Snail expression drives malignant skin cancer progression
Aberrant expression of Snail in epithelial cancer cell lines has been reported to endow cells with enhanced invasive properties, which could contribute to the formation of metastases.24 Sebaceous gland carcinomas in K14-Snail mice were the most highly metastatic, as draining lymph nodes of 59% of transgenic mice with sebaceous gland carcinomas contained carcinoma cells with sebaceous differentiation (Figure 5c). Given that metastasis of malignant tumours to regional lymph nodes is one of the earliest signs of cancer spread in patients,25 we histologically examined different other organs, but we could not observe distant metastasis of sebaceous cancer cells. However, we found lung metastasis displaying features of terminal skin differentiation in mice with primary tumours resembling SCCs (Supplementary Figure S6 and Figure 5c).
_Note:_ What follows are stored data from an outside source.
lemma usphere_closure_subset_image:
  assumes "(\<lambda>y. inv_sphere (y /\<^sub>R norm y)) ` Q \<subseteq> Q1 \<times> Q2"
  shows "usphere (closure Q) \<subseteq> \<Delta> ` supsphere (closure Q1) (closure Q2)"
proof
  fix y assume "y \<in> usphere (closure Q)"
  then have y: "y \<in> closure Q" "norm y = 1" "y \<in> usphere UNIV"
    by (auto simp: usphere_def)
  define R where "R = (\<lambda>w. w /\<^sub>R norm w) ` {w \<in> Q. norm w \<noteq> 0}"
  have "R \<subseteq> usphere UNIV"
    by (auto simp: R_def usphere_def)
  moreover have "y \<in> closure R"
    unfolding R_def using in_closure_normalized[OF continuous_on_norm_id y(2,1)] .
  ultimately have "inv_sphere y \<in> closure (inv_sphere ` R)"
    using continuous_on_image_closure_subset[OF continuous_on_inv_sphere] y(3) by blast
  moreover have "inv_sphere ` R \<subseteq> Q1 \<times> Q2"
    unfolding R_def image_image by (rule order_trans[OF image_mono assms]) auto
  ultimately have "inv_sphere y \<in> closure Q1 \<times> closure Q2"
    unfolding closure_Times[symmetric] using closure_mono by blast
  then have "inv_sphere y \<in> supsphere (closure Q1) (closure Q2)"
    using inv_sphere(1)[OF y(3)] by (auto simp: supsphere_def)
  then show "y \<in> \<Delta> ` supsphere (closure Q1) (closure Q2)"
    using inv_sphere(2)[OF y(3)] by force
qed

end

theorem lemma3p4:
  fixes A :: "('a::banach \<times> 'b::banach) set"
    and \<Delta> :: "'a \<times> 'b \<Rightarrow> 'c::banach"
  assumes "sup_separable A"
    and "\<Delta> ` supsphere UNIV UNIV = usphere UNIV"
    and "\<forall>u\<in>supsphere UNIV UNIV. \<forall>v\<in>supsphere UNIV UNIV.
           norm (\<Delta> u - \<Delta> v) = supnorm (u - v)"
  shows "\<exists>M1 M2 N. closed_subspace M1 \<and> closed_subspace M2 \<and> closed_subspace N \<and>
           separable_set M1 \<and> separable_set M2 \<and> separable_set N \<and>
           A \<subseteq> M1 \<times> M2 \<and> \<Delta> ` supsphere M1 M2 = usphere N"
proof -
  interpret sphere_isometry \<Delta>
    using assms(2,3) by unfold_locales auto
  obtain D0 where D0: "countable D0" "\<forall>a\<in>A. \<forall>e>0. \<exists>d\<in>D0. supnorm (a - d) < e"
    using assms(1) unfolding sup_separable_def by blast
  obtain C1 C2 D where C: "countable C1" "countable C2" "countable D" "D0 \<subseteq> C1 \<times> C2"
    and f: "(\<lambda>w. \<Delta> (w /\<^sub>R supnorm w)) ` (rat_span C1 \<times> rat_span C2) \<subseteq> D"
    and g: "(\<lambda>y. inv_sphere (y /\<^sub>R norm y)) ` rat_span D \<subseteq> C1 \<times> C2"
    using D0(1) by (rule countable_rat_span_closed)
  have rat_span_Times: "C1 \<times> C2 \<subseteq> rat_span C1 \<times> rat_span C2"
    by (intro Sigma_mono rat_span_superset)
  have "A \<subseteq> closure D0"
    using D0(2) in_closure_supnorm_approachable by blast
  also have "\<dots> \<subseteq> closure (rat_span C1 \<times> rat_span C2)"
    using C(4) rat_span_Times by (intro closure_mono) (rule order_trans)
  finally have "A \<subseteq> closure (rat_span C1 \<times> rat_span C2)" .
  moreover have "\<Delta> ` supsphere (closure (rat_span C1)) (closure (rat_span C2)) = usphere (closure (rat_span D))"
    using order_trans[OF f rat_span_superset] order_trans[OF g rat_span_Times]
    by (intro subset_antisym sphere_closure_image_subset usphere_closure_subset_image)
  ultimately show ?thesis
    using C(1-3) by (intro exI[of _ "closure (rat_span C1)"] exI[of _ "closure (rat_span C2)"]
        exI[of _ "closure (rat_span D)"])
      (simp add: closure_Times closed_subspace_def subspace_closure_rat_span separable_closure_rat_span)
qed

end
As K14Cre;Trp53f/f mice form spontaneous benign skin tumours that are non-metastatic, they are suitable for investigating the phenotypic consequences of additional mutations in genes implicated in tumour progression and metastasis. Indeed, Kaplan–Meier survival analysis indicates that Snail drives malignant progression even further as was evidenced by the overall statistically significant difference between the survival curves. Moreover, in contrast to the K14Cre;Trp53f/f mice, K14-Snail;K14Cre;Trp53f/f mice formed aggressive carcinosarcomas, which are highly invasive, again pointing to the contribution of the Snail nuclear protein to enhancing malignancy in synergy with p53 deficiency.
Discussion
In vitro evidence for the involvement of Snail in cancer progression has been increasing. However, little is known about the molecular mechanism of Snail’s contribution to the early onset of epithelial cancer in vivo and particularly its role in skin cancer progression. Therefore, we studied the cellular and molecular consequences of Snail expression in the basal layer of the skin.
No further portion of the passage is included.